## WORK TO BE COMPLETED
From the entries below, return exactly the lines beginning at the one that contains "p = (\<Sum>i\<le>degree" and ending at the one that contains "(smult c p)", both of them included, and only those lines.

## Stored entries
════════

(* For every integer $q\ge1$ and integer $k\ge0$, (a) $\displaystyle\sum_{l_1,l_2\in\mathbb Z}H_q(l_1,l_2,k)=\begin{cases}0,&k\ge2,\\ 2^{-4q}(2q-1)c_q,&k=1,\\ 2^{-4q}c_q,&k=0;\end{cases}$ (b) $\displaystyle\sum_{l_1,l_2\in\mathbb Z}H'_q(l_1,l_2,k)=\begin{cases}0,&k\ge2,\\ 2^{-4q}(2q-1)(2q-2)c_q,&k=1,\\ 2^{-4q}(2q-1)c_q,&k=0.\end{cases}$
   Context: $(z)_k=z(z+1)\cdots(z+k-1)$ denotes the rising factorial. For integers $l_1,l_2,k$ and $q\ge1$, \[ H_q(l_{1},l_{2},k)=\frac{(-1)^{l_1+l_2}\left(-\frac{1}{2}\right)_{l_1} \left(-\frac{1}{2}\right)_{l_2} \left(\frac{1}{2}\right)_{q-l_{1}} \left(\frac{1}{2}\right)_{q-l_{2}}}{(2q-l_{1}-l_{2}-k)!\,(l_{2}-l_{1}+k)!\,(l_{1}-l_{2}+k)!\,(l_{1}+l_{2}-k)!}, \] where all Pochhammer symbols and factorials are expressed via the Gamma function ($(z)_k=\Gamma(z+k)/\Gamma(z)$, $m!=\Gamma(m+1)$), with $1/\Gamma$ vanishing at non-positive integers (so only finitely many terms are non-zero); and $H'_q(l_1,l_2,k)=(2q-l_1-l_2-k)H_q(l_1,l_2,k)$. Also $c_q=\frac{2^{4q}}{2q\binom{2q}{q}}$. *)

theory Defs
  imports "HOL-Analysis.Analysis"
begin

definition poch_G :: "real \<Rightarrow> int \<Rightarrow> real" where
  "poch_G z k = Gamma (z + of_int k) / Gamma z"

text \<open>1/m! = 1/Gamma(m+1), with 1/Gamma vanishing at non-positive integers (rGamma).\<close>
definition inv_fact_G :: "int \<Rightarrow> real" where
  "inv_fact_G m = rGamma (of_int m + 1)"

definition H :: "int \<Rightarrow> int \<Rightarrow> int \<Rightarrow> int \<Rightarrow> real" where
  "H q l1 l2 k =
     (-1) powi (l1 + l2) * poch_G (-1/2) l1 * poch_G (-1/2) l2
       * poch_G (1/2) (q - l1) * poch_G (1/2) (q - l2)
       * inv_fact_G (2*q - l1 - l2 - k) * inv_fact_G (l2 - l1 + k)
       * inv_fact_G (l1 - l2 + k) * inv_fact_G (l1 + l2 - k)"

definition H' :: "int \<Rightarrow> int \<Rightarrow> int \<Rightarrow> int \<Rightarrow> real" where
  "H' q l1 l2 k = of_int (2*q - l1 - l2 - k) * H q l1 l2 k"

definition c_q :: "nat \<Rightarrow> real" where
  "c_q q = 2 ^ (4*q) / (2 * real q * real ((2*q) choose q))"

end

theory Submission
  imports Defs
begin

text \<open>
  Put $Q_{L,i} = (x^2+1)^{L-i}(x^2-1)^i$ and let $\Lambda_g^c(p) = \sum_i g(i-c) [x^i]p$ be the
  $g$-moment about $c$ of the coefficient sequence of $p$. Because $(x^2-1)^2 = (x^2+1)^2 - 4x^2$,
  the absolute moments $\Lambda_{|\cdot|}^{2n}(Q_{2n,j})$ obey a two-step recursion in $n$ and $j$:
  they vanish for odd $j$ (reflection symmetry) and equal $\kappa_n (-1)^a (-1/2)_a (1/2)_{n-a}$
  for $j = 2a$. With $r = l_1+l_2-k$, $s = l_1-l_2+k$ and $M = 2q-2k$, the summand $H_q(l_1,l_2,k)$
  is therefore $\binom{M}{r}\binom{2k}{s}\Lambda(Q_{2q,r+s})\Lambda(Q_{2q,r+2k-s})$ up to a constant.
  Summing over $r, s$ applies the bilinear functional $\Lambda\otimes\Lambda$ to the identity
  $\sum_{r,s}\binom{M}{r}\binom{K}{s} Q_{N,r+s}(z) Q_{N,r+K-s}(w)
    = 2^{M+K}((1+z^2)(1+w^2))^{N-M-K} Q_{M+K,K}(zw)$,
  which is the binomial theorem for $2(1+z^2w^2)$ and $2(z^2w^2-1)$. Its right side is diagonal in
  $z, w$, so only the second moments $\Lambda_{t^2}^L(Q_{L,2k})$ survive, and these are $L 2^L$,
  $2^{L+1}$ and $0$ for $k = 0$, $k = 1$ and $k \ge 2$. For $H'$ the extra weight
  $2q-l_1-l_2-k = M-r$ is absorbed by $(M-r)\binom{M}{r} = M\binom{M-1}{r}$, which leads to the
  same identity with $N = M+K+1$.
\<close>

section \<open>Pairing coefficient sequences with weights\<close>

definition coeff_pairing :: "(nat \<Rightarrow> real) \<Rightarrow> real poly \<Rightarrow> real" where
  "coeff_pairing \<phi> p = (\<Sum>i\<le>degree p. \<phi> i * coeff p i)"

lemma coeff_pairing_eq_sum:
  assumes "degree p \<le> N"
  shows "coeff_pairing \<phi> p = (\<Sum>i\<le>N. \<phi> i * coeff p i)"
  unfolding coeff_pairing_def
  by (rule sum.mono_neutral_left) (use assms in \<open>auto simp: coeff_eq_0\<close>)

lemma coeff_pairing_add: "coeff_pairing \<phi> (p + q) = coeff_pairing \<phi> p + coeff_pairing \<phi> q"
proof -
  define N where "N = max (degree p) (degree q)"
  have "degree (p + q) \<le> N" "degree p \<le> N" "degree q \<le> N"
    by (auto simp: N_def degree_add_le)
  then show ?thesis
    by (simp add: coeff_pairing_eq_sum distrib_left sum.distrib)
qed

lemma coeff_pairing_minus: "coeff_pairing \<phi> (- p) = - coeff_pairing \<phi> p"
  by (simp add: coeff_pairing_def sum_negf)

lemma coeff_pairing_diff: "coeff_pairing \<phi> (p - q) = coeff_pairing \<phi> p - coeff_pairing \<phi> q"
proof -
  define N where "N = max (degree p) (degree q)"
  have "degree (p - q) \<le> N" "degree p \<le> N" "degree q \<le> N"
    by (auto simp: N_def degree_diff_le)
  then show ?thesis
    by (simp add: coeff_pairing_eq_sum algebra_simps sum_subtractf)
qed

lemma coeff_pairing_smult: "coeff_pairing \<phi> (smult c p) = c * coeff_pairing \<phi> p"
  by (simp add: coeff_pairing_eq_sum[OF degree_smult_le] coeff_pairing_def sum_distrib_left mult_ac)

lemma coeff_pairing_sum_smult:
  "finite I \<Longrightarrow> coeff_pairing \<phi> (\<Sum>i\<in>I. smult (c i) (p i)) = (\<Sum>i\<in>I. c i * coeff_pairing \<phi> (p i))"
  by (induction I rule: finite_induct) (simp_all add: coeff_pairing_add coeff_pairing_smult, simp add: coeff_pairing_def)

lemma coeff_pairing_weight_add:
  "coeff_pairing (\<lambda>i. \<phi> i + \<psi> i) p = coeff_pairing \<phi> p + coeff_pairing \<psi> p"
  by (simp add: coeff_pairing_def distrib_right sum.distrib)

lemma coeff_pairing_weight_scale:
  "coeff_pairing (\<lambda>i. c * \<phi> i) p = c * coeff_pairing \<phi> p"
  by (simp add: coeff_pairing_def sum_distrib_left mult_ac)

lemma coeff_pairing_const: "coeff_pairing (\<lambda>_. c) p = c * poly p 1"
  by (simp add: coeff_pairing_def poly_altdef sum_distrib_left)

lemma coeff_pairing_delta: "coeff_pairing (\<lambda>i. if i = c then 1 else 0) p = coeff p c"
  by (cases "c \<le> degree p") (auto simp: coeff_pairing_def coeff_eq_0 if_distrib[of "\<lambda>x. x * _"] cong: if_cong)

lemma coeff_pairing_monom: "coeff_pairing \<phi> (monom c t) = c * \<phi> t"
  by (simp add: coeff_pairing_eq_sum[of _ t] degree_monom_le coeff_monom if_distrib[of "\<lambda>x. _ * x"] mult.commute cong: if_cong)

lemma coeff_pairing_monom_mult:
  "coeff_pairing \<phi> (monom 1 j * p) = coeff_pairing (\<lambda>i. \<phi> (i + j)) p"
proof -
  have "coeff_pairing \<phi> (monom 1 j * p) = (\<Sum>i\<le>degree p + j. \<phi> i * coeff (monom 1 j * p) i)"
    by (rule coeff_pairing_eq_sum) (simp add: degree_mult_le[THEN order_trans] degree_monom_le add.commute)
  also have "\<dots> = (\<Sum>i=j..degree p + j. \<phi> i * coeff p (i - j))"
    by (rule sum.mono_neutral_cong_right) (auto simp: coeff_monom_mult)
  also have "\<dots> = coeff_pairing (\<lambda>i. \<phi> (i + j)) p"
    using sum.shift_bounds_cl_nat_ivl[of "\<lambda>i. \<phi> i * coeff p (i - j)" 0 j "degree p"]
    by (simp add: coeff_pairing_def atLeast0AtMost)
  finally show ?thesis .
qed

════════

## TASK SOLUTION
  "coeff_pairing \<phi> p = (\<Sum>i\<le>degree p. \<phi> i * coeff p i)"

lemma coeff_pairing_eq_sum:
  assumes "degree p \<le> N"
  shows "coeff_pairing \<phi> p = (\<Sum>i\<le>N. \<phi> i * coeff p i)"
  unfolding coeff_pairing_def
  by (rule sum.mono_neutral_left) (use assms in \<open>auto simp: coeff_eq_0\<close>)

lemma coeff_pairing_add: "coeff_pairing \<phi> (p + q) = coeff_pairing \<phi> p + coeff_pairing \<phi> q"
proof -
  define N where "N = max (degree p) (degree q)"
  have "degree (p + q) \<le> N" "degree p \<le> N" "degree q \<le> N"
    by (auto simp: N_def degree_add_le)
  then show ?thesis
    by (simp add: coeff_pairing_eq_sum distrib_left sum.distrib)
qed

lemma coeff_pairing_minus: "coeff_pairing \<phi> (- p) = - coeff_pairing \<phi> p"
  by (simp add: coeff_pairing_def sum_negf)

lemma coeff_pairing_diff: "coeff_pairing \<phi> (p - q) = coeff_pairing \<phi> p - coeff_pairing \<phi> q"
proof -
  define N where "N = max (degree p) (degree q)"
  have "degree (p - q) \<le> N" "degree p \<le> N" "degree q \<le> N"
    by (auto simp: N_def degree_diff_le)
  then show ?thesis
    by (simp add: coeff_pairing_eq_sum algebra_simps sum_subtractf)
qed

lemma coeff_pairing_smult: "coeff_pairing \<phi> (smult c p) = c * coeff_pairing \<phi> p"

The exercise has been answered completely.